Records from a data source
lemma interior_subdiff_is_norm_iff:
  fixes f :: "'a::euclidean_space \<Rightarrow> real"
  assumes f: "is_norm f"
  shows "v \<in> interior (subdiff f 0) \<longleftrightarrow> (\<forall>w. w \<noteq> 0 \<longrightarrow> v \<bullet> w < f w)"
proof (intro iffI allI impI)
  show "v \<bullet> w < f w" if "v \<in> interior (subdiff f 0)" "w \<noteq> 0" for w
    using interior_subdiff_zero_less[of f] is_norm_zero[OF f] that by blast
next
  assume "\<forall>w. w \<noteq> 0 \<longrightarrow> v \<bullet> w < f w"
  then obtain m where m: "0 < m" "\<And>y. v \<bullet> y + m * norm y \<le> f y"
    using is_norm_uniform_gap[OF f] by blast
  have "u \<in> subdiff f 0" if "u \<in> ball v m" for u
  proof -
    have "u \<bullet> y \<le> f y" for y
    proof -
      have "norm (u - v) \<le> m"
        using that by (simp add: dist_norm norm_minus_commute)
      then have "(u - v) \<bullet> y \<le> m * norm y"
        using norm_cauchy_schwarz[of "u - v" y] mult_right_mono[of "norm (u - v)" m "norm y"]
        by simp
      then show ?thesis
        using m(2)[of y] by (simp add: inner_diff_left)
    qed
    then show ?thesis
      by (simp add: subdiff_at_zero_iff is_norm_zero[OF f])
  qed
  then show "v \<in> interior (subdiff f 0)"
    using m(1) mem_interior by blast
qed

lemma subspace_crit_set_iff:
  fixes f :: "'a::euclidean_space \<Rightarrow> real"
  assumes f: "is_norm f" and v: "v \<in> subdiff f 0"
  shows "subspace {w. f w = v \<bullet> w} \<longleftrightarrow> (\<forall>w. w \<noteq> 0 \<longrightarrow> v \<bullet> w < f w)"
proof
  assume K: "subspace {w. f w = v \<bullet> w}"
  show "\<forall>w. w \<noteq> 0 \<longrightarrow> v \<bullet> w < f w"
  proof (intro allI impI)
    fix w :: 'a assume "w \<noteq> 0"
    show "v \<bullet> w < f w"
    proof (rule ccontr)
      assume "\<not> v \<bullet> w < f w"
      then have "f w = v \<bullet> w"
        using is_norm_subdiff_le[OF f v, of w] by simp
      moreover have "f (- w) = v \<bullet> (- w)"
        using subspace_neg[OF K, of w] \<open>f w = v \<bullet> w\<close> by simp
      ultimately have "f w = 0"
        using is_norm_minus[OF f, of w] by simp
      then show False
        using \<open>w \<noteq> 0\<close> is_norm_eq_0_iff[OF f] by blast
    qed
  qed
next
  assume "\<forall>w. w \<noteq> 0 \<longrightarrow> v \<bullet> w < f w"
  then have "{w. f w = v \<bullet> w} = {0}"
    using is_norm_zero[OF f] by (auto simp: order.strict_iff_not)
  then show "subspace {w. f w = v \<bullet> w}"
    by (simp add: subspace_0)
qed

theorem theorem4p3:
  fixes f :: "'a::euclidean_space \<Rightarrow> real"
  assumes "is_norm f"
  shows "(\<forall>v \<in> subdiff f 0. twice_epi_diff f 0 v \<and>
            subderiv2 f 0 v = indic (crit_cone f 0 v))
       \<and> (\<forall>v \<in> subdiff f 0. gen_twice_diff f 0 v \<longleftrightarrow> v \<in> interior (subdiff f 0))"
proof (intro conjI ballI)
  fix v assume v: "v \<in> subdiff f 0"
  have subderiv2: "subderiv2 f 0 v = indic (crit_cone f 0 v)"
    using subderiv2_is_norm[OF assms v] by (simp add: fun_eq_iff crit_cone_is_norm[OF assms])
  then show "subderiv2 f 0 v = indic (crit_cone f 0 v)" .
  show epi: "twice_epi_diff f 0 v"
    unfolding twice_epi_diff_def using epi_conv_diff_quot2_is_norm[OF assms v] by blast
  show "gen_twice_diff f 0 v \<longleftrightarrow> v \<in> interior (subdiff f 0)"
    unfolding gen_twice_diff_def subderiv2 gen_quad_form_indic_iff crit_cone_is_norm[OF assms]
      subspace_crit_set_iff[OF assms v] interior_subdiff_is_norm_iff[OF assms]
    using v epi by blast
qed

end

ASSIGNMENT
Scan the data above. Return every line with "open" in it.

EXERCISE SOLUTION
        using subspace_neg[OF K, of w] \<open>f w = v \<bullet> w\<close> by simp
        using \<open>w \<noteq> 0\<close> is_norm_eq_0_iff[OF f] by blast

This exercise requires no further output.